Problem. The answer should be a single number: how many lines in the material contain "ultimately".

Records for this exercise.
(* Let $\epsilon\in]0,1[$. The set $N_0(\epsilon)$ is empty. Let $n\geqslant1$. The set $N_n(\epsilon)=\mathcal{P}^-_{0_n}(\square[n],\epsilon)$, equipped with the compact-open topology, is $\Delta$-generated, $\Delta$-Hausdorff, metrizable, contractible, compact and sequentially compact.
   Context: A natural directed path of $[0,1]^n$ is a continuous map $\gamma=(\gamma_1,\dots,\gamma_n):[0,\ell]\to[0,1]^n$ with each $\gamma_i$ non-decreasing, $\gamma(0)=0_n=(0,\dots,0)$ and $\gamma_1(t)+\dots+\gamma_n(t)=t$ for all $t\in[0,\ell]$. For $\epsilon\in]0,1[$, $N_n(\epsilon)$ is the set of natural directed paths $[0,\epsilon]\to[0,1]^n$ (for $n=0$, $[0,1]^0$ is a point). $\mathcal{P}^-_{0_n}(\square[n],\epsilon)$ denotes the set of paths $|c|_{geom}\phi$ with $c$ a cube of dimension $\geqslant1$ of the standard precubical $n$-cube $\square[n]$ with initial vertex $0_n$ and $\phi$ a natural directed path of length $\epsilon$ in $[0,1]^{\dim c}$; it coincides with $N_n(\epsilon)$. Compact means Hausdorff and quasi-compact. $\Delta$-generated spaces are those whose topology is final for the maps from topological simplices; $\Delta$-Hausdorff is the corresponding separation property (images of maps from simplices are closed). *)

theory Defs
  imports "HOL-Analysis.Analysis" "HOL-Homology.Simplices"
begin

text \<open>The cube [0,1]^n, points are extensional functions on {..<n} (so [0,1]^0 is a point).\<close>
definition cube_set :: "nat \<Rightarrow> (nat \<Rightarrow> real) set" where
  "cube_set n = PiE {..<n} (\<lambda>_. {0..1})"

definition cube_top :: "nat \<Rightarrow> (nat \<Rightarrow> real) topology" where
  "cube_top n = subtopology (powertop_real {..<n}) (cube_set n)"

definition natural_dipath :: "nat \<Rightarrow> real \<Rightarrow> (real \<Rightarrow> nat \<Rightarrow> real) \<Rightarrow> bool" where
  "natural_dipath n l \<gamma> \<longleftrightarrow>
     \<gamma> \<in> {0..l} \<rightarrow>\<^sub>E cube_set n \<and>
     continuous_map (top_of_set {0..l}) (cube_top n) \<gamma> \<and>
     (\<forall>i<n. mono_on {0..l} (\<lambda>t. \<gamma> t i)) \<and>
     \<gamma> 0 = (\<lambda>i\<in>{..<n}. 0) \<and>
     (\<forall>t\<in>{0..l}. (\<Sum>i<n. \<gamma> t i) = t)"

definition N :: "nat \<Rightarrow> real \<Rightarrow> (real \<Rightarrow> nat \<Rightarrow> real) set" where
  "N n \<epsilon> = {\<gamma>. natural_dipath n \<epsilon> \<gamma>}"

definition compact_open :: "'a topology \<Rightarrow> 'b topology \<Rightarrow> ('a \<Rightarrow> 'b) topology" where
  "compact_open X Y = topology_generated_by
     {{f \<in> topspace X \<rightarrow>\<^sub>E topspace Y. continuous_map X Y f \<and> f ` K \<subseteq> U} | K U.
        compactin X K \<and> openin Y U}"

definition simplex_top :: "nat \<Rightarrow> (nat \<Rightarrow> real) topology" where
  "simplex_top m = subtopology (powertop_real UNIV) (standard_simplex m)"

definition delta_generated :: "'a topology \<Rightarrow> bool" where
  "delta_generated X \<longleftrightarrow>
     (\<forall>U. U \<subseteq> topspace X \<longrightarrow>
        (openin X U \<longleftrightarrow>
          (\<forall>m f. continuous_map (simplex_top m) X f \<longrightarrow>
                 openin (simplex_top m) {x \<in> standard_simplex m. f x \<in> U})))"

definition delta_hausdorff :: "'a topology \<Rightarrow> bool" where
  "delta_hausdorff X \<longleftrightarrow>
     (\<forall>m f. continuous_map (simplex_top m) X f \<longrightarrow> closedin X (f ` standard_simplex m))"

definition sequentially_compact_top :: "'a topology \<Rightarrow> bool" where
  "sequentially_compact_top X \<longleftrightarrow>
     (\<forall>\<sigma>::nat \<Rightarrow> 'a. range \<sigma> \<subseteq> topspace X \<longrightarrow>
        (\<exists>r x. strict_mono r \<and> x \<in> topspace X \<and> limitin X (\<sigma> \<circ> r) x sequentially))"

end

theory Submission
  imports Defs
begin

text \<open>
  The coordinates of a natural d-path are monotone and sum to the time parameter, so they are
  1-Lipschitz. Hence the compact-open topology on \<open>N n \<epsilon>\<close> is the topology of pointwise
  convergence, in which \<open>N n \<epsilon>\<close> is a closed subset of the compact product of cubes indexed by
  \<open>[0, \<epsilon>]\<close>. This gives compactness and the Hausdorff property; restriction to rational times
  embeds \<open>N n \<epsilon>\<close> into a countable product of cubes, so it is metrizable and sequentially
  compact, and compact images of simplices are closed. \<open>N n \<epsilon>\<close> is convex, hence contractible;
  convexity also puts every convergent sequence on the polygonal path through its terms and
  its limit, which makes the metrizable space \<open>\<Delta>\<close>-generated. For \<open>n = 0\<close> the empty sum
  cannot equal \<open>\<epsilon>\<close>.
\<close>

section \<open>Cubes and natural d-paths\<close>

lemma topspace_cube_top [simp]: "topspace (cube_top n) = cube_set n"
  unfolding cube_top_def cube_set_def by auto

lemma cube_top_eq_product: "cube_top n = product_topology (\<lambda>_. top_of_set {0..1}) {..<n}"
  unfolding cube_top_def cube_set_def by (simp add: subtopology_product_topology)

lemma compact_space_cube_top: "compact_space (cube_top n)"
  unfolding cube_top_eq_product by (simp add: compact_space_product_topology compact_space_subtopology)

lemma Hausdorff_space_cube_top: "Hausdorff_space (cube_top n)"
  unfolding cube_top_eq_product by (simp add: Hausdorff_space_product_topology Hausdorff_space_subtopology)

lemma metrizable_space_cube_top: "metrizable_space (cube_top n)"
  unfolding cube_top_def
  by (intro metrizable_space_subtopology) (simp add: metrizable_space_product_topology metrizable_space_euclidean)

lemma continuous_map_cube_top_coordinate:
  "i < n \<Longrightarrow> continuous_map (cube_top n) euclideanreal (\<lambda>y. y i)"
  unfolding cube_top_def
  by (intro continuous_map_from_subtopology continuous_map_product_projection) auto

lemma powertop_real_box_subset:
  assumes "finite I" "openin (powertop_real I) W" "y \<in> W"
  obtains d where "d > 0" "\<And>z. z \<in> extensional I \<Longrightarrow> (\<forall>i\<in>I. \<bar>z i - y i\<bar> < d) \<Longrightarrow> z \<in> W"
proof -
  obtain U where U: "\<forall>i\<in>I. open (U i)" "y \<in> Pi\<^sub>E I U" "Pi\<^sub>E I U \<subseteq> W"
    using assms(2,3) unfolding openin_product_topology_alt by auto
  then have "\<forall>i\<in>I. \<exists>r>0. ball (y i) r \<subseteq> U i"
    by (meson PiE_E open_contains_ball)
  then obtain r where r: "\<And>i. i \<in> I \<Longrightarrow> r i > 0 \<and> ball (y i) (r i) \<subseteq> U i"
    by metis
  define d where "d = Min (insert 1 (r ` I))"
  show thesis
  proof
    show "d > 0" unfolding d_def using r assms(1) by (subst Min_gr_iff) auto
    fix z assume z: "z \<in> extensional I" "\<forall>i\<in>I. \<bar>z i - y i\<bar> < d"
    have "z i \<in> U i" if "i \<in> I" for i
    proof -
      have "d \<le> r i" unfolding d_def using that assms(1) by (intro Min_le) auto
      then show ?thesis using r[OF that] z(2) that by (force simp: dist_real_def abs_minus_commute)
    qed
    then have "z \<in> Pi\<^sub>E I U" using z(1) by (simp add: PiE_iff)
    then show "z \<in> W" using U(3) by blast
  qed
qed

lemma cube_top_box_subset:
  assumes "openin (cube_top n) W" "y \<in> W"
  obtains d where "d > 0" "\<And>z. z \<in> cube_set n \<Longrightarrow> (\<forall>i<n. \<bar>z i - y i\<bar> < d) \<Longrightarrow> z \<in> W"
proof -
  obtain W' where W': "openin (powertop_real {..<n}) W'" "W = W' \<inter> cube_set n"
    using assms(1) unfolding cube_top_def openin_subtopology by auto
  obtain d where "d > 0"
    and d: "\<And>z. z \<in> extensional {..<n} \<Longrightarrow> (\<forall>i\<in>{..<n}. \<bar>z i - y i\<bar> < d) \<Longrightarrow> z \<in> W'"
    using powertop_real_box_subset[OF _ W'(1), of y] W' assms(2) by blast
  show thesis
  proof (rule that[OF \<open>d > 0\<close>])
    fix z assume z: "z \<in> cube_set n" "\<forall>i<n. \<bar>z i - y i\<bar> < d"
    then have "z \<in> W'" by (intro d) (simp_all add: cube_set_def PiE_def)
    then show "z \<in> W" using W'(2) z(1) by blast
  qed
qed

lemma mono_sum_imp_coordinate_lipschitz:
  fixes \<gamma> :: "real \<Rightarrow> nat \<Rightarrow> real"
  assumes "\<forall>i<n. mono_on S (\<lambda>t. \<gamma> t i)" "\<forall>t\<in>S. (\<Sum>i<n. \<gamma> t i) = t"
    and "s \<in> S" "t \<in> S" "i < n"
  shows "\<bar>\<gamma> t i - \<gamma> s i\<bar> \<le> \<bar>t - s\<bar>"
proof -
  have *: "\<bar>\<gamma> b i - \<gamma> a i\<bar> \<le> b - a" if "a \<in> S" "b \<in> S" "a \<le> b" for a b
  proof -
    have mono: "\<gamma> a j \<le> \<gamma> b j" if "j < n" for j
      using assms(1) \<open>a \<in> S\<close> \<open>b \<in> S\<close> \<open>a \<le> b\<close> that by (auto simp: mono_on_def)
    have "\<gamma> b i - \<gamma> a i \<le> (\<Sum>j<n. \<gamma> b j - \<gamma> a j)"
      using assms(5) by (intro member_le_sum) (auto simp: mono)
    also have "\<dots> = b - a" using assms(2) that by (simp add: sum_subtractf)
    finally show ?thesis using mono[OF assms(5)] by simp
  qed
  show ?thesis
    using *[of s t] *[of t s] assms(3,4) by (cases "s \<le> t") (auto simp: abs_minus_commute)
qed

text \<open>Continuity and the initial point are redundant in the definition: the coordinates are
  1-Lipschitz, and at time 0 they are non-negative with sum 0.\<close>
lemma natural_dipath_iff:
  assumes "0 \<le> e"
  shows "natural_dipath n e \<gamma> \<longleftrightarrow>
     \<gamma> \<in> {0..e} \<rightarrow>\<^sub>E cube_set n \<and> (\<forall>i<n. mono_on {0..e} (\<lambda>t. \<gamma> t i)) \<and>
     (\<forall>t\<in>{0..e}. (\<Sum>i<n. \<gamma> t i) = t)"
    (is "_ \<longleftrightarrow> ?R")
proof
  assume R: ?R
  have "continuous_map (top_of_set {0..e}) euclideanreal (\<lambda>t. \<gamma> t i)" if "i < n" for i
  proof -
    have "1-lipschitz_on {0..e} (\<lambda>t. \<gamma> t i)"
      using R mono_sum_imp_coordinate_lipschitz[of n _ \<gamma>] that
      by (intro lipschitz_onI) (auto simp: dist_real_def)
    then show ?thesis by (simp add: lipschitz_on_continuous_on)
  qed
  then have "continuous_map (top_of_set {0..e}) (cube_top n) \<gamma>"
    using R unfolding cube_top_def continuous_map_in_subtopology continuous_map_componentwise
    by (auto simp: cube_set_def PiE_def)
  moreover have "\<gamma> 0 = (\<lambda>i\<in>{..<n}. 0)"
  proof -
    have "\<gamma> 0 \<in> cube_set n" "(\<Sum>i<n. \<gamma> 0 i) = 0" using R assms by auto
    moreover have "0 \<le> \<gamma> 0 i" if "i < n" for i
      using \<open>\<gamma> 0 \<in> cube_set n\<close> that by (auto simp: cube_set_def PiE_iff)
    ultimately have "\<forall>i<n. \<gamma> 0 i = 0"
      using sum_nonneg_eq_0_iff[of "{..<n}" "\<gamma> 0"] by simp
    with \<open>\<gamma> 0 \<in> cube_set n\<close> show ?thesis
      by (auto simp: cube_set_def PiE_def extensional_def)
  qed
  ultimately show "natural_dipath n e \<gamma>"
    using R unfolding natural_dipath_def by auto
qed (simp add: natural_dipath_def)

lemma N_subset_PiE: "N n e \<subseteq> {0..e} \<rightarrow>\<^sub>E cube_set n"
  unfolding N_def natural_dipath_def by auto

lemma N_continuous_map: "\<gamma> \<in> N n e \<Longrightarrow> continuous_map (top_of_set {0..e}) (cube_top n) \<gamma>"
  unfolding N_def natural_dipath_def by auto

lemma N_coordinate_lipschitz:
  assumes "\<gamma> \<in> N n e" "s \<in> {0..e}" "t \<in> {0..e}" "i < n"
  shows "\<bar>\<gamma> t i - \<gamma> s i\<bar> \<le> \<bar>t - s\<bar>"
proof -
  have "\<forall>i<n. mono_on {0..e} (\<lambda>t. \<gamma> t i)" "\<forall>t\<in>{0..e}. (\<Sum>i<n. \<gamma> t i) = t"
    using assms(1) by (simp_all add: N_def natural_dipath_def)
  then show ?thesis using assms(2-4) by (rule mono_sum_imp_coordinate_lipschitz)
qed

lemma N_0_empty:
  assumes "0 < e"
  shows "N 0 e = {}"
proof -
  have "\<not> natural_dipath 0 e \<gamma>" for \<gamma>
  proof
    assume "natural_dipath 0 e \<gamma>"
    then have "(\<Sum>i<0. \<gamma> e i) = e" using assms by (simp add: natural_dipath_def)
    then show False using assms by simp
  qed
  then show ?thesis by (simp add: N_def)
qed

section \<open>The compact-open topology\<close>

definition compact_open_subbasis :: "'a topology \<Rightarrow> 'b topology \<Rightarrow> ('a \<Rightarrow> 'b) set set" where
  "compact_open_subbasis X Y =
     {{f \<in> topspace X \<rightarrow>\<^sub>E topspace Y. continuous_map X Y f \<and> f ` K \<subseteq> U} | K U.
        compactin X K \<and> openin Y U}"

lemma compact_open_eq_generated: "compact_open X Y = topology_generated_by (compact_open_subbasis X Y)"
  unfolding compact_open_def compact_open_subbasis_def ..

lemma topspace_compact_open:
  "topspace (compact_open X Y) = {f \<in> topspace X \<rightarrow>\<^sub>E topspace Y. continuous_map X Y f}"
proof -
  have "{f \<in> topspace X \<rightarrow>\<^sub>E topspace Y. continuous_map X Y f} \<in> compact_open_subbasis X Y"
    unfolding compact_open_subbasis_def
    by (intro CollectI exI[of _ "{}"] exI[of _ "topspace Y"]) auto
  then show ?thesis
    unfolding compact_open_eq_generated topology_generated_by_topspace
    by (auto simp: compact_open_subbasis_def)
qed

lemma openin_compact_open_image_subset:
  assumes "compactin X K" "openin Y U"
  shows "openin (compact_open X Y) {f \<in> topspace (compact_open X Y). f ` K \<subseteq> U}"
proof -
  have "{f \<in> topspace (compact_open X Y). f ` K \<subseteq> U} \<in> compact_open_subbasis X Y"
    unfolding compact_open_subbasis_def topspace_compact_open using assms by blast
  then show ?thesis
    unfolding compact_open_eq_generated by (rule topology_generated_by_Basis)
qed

Output for this task. 2